А ты что скажешь, Варя? Мать, севши в уголку, беззвучно плакала.
С отца
весь восторг сразу слетел, и он, обескураженный, подошел к матери, нагнулся и
нежно поцеловал ее в голову.
– Эх,
Варя! Ты ничего не понимаешь!.. Васька! Сколько, по-твоему, должна стоить такая
лампа?
– Семь
тысяч, – сказал я, обойдя вокруг лампы. – По крайней мере, я дал бы
за нее столько, лишь бы ее отсюда убрали.
– Много
ты понимаешь! – растерялся отец.
Лампа
оказалась из одного семейства с умывальником. Керосин (четырнадцать фунтов),
налитый в нее, потек, отравил воздух, а когда слесарь исправил ее (тот самый,
который украл шапку), то лампа втянула в себя громадный черный фитиль и ни за
что не хотела выпустить его. Вытащенный какими-то щипцами, фитиль загорелся, но
так начадил, что соседи пришли спасать нас от пожара, предлагая бесплатные
услуги по выносу вещей и тушению огня.
А
громадная необъятная лампа горела маленьким микроскопическим огоньком, таким,
какой теплится в лампадке у икон, тихо потрескивала и язвительно прищелкивала
своим крохотным красным язычком.
Отец
стоял перед ней в немом восторге.
Однажды
на лестнице послышался такой же шум, грохот и крики.
– Что
еще? – выскочила мать.
– Часы, –
счастливо смеясь, сообщил отец.
Это было
самое поразительное, самое неслыханное из всего купленного отцом.
По
громадному циферблату стремительно носились две стрелки, не считаясь ни с
временем, ни с усилиями людей, которые вздумали бы удержать их от этого. Внизу
грозно раскачивался колоссальный маятник, делая размах аршина четыре, а впереди
весь механизм хрипло и тяжело дышал, как загнанный носорог или полузадушенный
подушкой человек…
Кто их
сделал?
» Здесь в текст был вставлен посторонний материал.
(* Let $k,\ell,m$ be integers with $0<k<\ell<m$ and $\ell-k>1$. Let $$E_{k,\ell,m}=\sum \prod_{j=1}^{m-1}\overline y_j^{\,\overline N_j}\underline y_j^{\,\underline N_j}\prod_{j=k+1}^{\ell-1}\overline w_j^{\,\overline H_j}\underline w_j^{\,\underline H_j}\prod_{j=0}^{m}z_j^{M_j}\prod_{j=k}^{\ell}\overline z_j^{\,\overline M_j}\underline z_j^{\,\underline M_j},$$ the sum being over all staircase polygons with a staircase hole with widths $k,\ell,m$ (equivalently, over all integer solutions of the system below with the stated sign constraints). Then $E_{k,\ell,m}$ is a rational function and $$E_{k,\ell,m}(1/\overline{\mathbf y},1/\underline{\mathbf y},1/\overline{\mathbf w},1/\underline{\mathbf w},1/\mathbf z,1/\overline{\mathbf z},1/\underline{\mathbf z})=-\frac{z_kz_\ell\prod_{j=1}^{m-1}(\overline y_j\underline y_j)\prod_{j=k+1}^{\ell-1}(\overline w_j\underline w_j)}{\prod_{j=1}^{m-1}z_j\prod_{j=k+1}^{\ell}\underline z_j\prod_{j=k}^{\ell-1}\overline z_j}\,E_{k,\ell,m}(\overline{\mathbf y},\underline{\mathbf y},\overline{\mathbf w},\underline{\mathbf w},\mathbf z,\overline{\mathbf z},\underline{\mathbf z}).$$
   Context: On the square lattice, a staircase polygon is a self-avoiding polygon bounded by two paths of north and east steps with common endpoints (a convex polygon containing the south-west and north-east corners of its minimal bounding rectangle). A staircase polygon with a staircase hole is a polyomino whose outer boundary is a staircase polygon and which has one hole whose boundary is also a staircase polygon, the hole boundary not touching the outer boundary at any point. Place the figure between the lines $x=0$ and $x=m$ ($m$ = total width); the hole lies between $x=k$ and $x=\ell$. The figure is encoded by nonnegative integers: $\overline N_j,\underline N_j$ ($1\le j\le m-1$), the numbers of north steps on the line $x=j$ of the upper and lower outer boundary paths; $\overline H_j,\underline H_j$ ($k+1\le j\le\ell-1$), the numbers of north steps on $x=j$ of the upper and lower boundary paths of the hole; $M_0,M_m$, the heights of the left and right outer edges; $M_k,M_\ell$, the heights of the left and right edges of the hole; for other $j$ with $1\le j\le m-1$, $M_j$ is the length of the segment of $x=j$ shared by the two unit columns adjacent to $x=j$ (for $k<j<\ell$ these are the two columns of the hole, so the segment lies inside the hole); and for $k\le j\le\ell$, $\underline M_j$ (resp. $\overline M_j$) is the length of the portion of $x=j$ shared by the two adjacent columns of the figure lying below (resp. above) the hole. The unknowns $M_j,\overline M_j,\underline M_j$ are strictly positive, the others nonnegative, and figures with widths $k,\ell,m$ correspond bijectively to integer solutions of the system: $M_0-M_1-\underline N_1=0$; $M_j+\overline N_j-M_{j+1}-\underline N_{j+1}=0$ for $1\le j\le k-2$; $M_{k-1}+\overline N_{k-1}-\overline M_k-M_k-\underline M_k-\underline N_k=0$; $\underline M_\ell+M_\ell+\overline M_\ell+\overline N_\ell-M_{\ell+1}-\underline N_{\ell+1}=0$; $M_j+\overline N_j-M_{j+1}-\underline N_{j+1}=0$ for $\ell+1\le j\le m-2$; $M_{m-1}+\overline N_{m-1}-M_m=0$; $\underline M_k-\underline M_{k+1}-\underline N_{k+1}=0$; $\underline M_j+\underline H_j-\underline M_{j+1}-\underline N_{j+1}=0$ for $k+1\le j\le\ell-1$; $\overline M_j+\overline N_j-\overline M_{j+1}-\overline H_{j+1}=0$ for $k\le j\le\ell-2$; $\overline M_{\ell-1}+\overline N_{\ell-1}-\overline M_\ell=0$; $M_k-M_{k+1}-\underline H_{k+1}=0$; $M_j+\overline H_j-M_{j+1}-\underline H_{j+1}=0$ for $k+1\le j\le\ell-2$; $M_{\ell-1}+\overline H_{\ell-1}-M_\ell=0$. The variables $\overline y_j,\underline y_j,\overline w_j,\underline w_j,z_j,\overline z_j,\underline z_j$ are indeterminates attached to $\overline N_j,\underline N_j,\overline H_j,\underline H_j,M_j,\overline M_j,\underline M_j$ respectively; $1/\overline{\mathbf y}$ etc. denotes replacing each variable by its reciprocal. *)

theory Defs
  imports Complex_Main "HOL-Library.Poly_Mapping"
begin

text \<open>Indeterminates: Yo j = overline y_j, Yu j = underline y_j, Wo j = overline w_j,
  Wu j = underline w_j, Z j = z_j, Zo j = overline z_j, Zu j = underline z_j.
  An exponent vector (monomial) is a finitely supported map var to nat; its entry at
  a variable is the value of the attached unknown (N, H, M).\<close>
datatype var = Yo nat | Yu nat | Wo nat | Wu nat | Z nat | Zo nat | Zu nat

definition relvars :: "nat \<Rightarrow> nat \<Rightarrow> nat \<Rightarrow> var set" where
  "relvars k l m =
     Yo ` {1..m-1} \<union> Yu ` {1..m-1} \<union> Wo ` {k+1..l-1} \<union> Wu ` {k+1..l-1}
     \<union> Z ` {0..m} \<union> Zo ` {k..l} \<union> Zu ` {k..l}"

text \<open>Unknowns outside their index range are not variables; their Poly_Mapping.lookup is 0
  (this is how overline N_0 and underline N_m enter the boundary cases k = 1, l = m-1).\<close>
definition sol :: "nat \<Rightarrow> nat \<Rightarrow> nat \<Rightarrow> (var \<Rightarrow>\<^sub>0 nat) set" where
  "sol k l m = {a. Poly_Mapping.keys a \<subseteq> relvars k l m \<and>
     (let No = (\<lambda>j. Poly_Mapping.lookup a (Yo j)); Nu = (\<lambda>j. Poly_Mapping.lookup a (Yu j));
          Ho = (\<lambda>j. Poly_Mapping.lookup a (Wo j)); Hu = (\<lambda>j. Poly_Mapping.lookup a (Wu j));
          M = (\<lambda>j. Poly_Mapping.lookup a (Z j)); Mo = (\<lambda>j. Poly_Mapping.lookup a (Zo j)); Mu = (\<lambda>j. Poly_Mapping.lookup a (Zu j))
      in (\<forall>j\<in>{0..m}. M j > 0) \<and> (\<forall>j\<in>{k..l}. Mo j > 0 \<and> Mu j > 0)
       \<and> (\<forall>j. j + 2 \<le> k \<longrightarrow> M j + No j = M (j+1) + Nu (j+1))
       \<and> M (k-1) + No (k-1) = Mo k + M k + Mu k + Nu k
       \<and> Mu l + M l + Mo l + No l = M (l+1) + Nu (l+1)
       \<and> (\<forall>j. l+1 \<le> j \<and> j \<le> m-1 \<longrightarrow> M j + No j = M (j+1) + Nu (j+1))
       \<and> Mu k = Mu (k+1) + Nu (k+1)
       \<and> (\<forall>j. k+1 \<le> j \<and> j \<le> l-1 \<longrightarrow> Mu j + Hu j = Mu (j+1) + Nu (j+1))
       \<and> (\<forall>j. k \<le> j \<and> j + 2 \<le> l \<longrightarrow> Mo j + No j = Mo (j+1) + Ho (j+1))
       \<and> Mo (l-1) + No (l-1) = Mo l
       \<and> M k = M (k+1) + Hu (k+1)
       \<and> (\<forall>j. k+1 \<le> j \<and> j + 2 \<le> l \<longrightarrow> M j + Ho j = M (j+1) + Hu (j+1))
       \<and> M (l-1) + Ho (l-1) = M l)}"

type_synonym mpoly = "(var \<Rightarrow>\<^sub>0 nat) \<Rightarrow>\<^sub>0 int"

definition mono_eval :: "(var \<Rightarrow> real) \<Rightarrow> (var \<Rightarrow>\<^sub>0 nat) \<Rightarrow> real" where
  "mono_eval x a = (\<Prod>v\<in>Poly_Mapping.keys a. x v ^ Poly_Mapping.lookup a v)"

definition peval :: "mpoly \<Rightarrow> (var \<Rightarrow> real) \<Rightarrow> real" where
  "peval p x = (\<Sum>a\<in>Poly_Mapping.keys p. of_int (Poly_Mapping.lookup p a) * mono_eval x a)"

text \<open>The formal power series E = sum over S of the monomials x^b (coefficients 0/1,
  since distinct solutions give distinct monomials) equals the rational function P/Q:
  Q is nonzero and Q * E = P as formal power series.\<close>
definition gf_eq_ratfun :: "(var \<Rightarrow>\<^sub>0 nat) set \<Rightarrow> mpoly \<Rightarrow> mpoly \<Rightarrow> bool" where
  "gf_eq_ratfun S P Q \<longleftrightarrow> Q \<noteq> 0 \<and>
     (\<forall>e. Poly_Mapping.lookup P e = (\<Sum>a\<in>Poly_Mapping.keys Q. if (\<exists>b\<in>S. a + b = e) then Poly_Mapping.lookup Q a else 0))"

definition recip :: "(var \<Rightarrow> real) \<Rightarrow> var \<Rightarrow> real" where
  "recip x = (\<lambda>v. inverse (x v))"

definition fac_num :: "nat \<Rightarrow> nat \<Rightarrow> nat \<Rightarrow> (var \<Rightarrow> real) \<Rightarrow> real" where
  "fac_num k l m x = x (Z k) * x (Z l) * (\<Prod>j=1..m-1. x (Yo j) * x (Yu j))
     * (\<Prod>j=k+1..l-1. x (Wo j) * x (Wu j))"
text \<open>Chevalley--Warning in two variables: after expansion every monomial has one exponent
  below \<open>q - 1\<close>, and the power sums of such exponents vanish.\<close>
lemma sum_UNIV2_prod_affine_eq_0:
  fixes a b c :: "'i \<Rightarrow> 'a::{field,finite}"
  assumes fin: "finite I" and card_I: "card I < 2 * (CARD('a) - 1)"
  shows "(\<Sum>\<alpha>\<in>UNIV. \<Sum>\<beta>\<in>UNIV. \<Prod>i\<in>I. c i + \<alpha> * a i + \<beta> * b i) = 0"
proof -
  define K where "K X Y = (\<Prod>i\<in>Y. a i) * (\<Prod>i\<in>X - Y. b i) * (\<Prod>i\<in>I - X. c i)" for X Y
  have monomial_sum: "(\<Sum>\<alpha>\<in>UNIV. \<Sum>\<beta>\<in>UNIV. \<alpha> ^ card Y * \<beta> ^ card (X - Y) * K X Y) = 0"
    if "X \<subseteq> I" "Y \<subseteq> X" for X Y
  proof -
    have "finite X" using that fin finite_subset by blast
    hence "card Y + card (X - Y) = card X"
      using that by (metis card_Diff_subset card_mono finite_subset le_add_diff_inverse)
    moreover have "card X \<le> card I" using that fin by (simp add: card_mono)
    ultimately have "card Y < CARD('a) - 1 \<or> card (X - Y) < CARD('a) - 1"
      using card_I by linarith
    thus ?thesis
      by (auto simp: sum_UNIV_power_eq_0 sum_product[symmetric] sum_distrib_right[symmetric])
  qed
  have "(\<Sum>\<alpha>\<in>UNIV. \<Sum>\<beta>\<in>UNIV. \<Prod>i\<in>I. c i + \<alpha> * a i + \<beta> * b i) =
     (\<Sum>X\<in>Pow I. \<Sum>Y\<in>Pow X. \<Sum>\<alpha>\<in>UNIV. \<Sum>\<beta>\<in>UNIV. \<alpha> ^ card Y * \<beta> ^ card (X - Y) * K X Y)"
    unfolding prod_affine_expansion[OF fin] K_def by (rule sum_swap_outer_pair)
  also have "\<dots> = 0" using monomial_sum by (simp add: sum.neutral)
  finally show ?thesis .
qed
Какому пьяному, ненормальному, воспаленному алкоголем мозгу явилась
мысль соорудить этот безобразный неуклюжий аппарат, со всеми частями,
болезненно, как в бреду, преувеличенными, с ходом без логики и с пьяным
отвратительным дыханием внутри, дыханием их творца, который, может быть, околел
уже где-нибудь под забором, истерзанный белой горячкой, изглоданный ревматизмом
и подагрой.
Часы
стали рядом с умывальником и лампой, перемигнулись и сразу поняли, как им вести
себя в этом доме.
Маятник
стремительно носился от стены к стене и все норовил сбить с ног нас, когда мы
стремглав проскакивали у него сбоку… Механизм ворчал, кашлял и стонал, как
умирающий, а стрелки резвились на циферблате, разбегаясь, сходясь и кружась в
лихой вакхической пляске…
Отец
вздумал подчинить нас времени, показываемому этими часами, но скоро убедился,
что обедать придется ночью, спать в полдень и что нас через неделю исключат из
училищ за появление на уроки в одиннадцать часов вечера.
Часы
пригодились нам, как спортивный, невиданный доселе нигде аппарат… Мы брали
трехлетнюю сестренку Олю, усаживали ее на колоссальный маятник, и она,
уцепившись судорожно за стержень, носилась, трепещущая, испуганная, из стороны
в сторону, возбуждая веселье окружающей молодежи.
Мать
назвала эту комнату «Проклятой комнатой».
Целый
день оттуда доносился удушливый запах керосина, журчали ручейки воды, вытекавшей
из умывальника на пол, а по ночам нас будили и пугали страшные стоны, которые
испускали часы, перемежая иногда эти стоны хриплым зловещим хохотом и ржаньем.
Однажды,
когда мы вернулись из школы и хлынули толпой в нашу любимую комнату повеселиться
около часов, мы отступили, изумленные, испуганные: комната была пуста, и только
три крашеных четырехугольника на полу показывали те места, где стояли отцовы
покупки.
– Что
ты с ними сделала? – спросили мы мать.
– Продала.
– Много
дали? – спросил молчавший доселе отец.
– Три
рубля. Только не они дали, а я… Чтобы их унесли. Никто не хотел связываться с
ними даром…
Отец
опустил голову, и по пустой комнате гулко прошелся его подавленный шепот:
– Много
ты понимаешь! Теперь он умер, мой отец.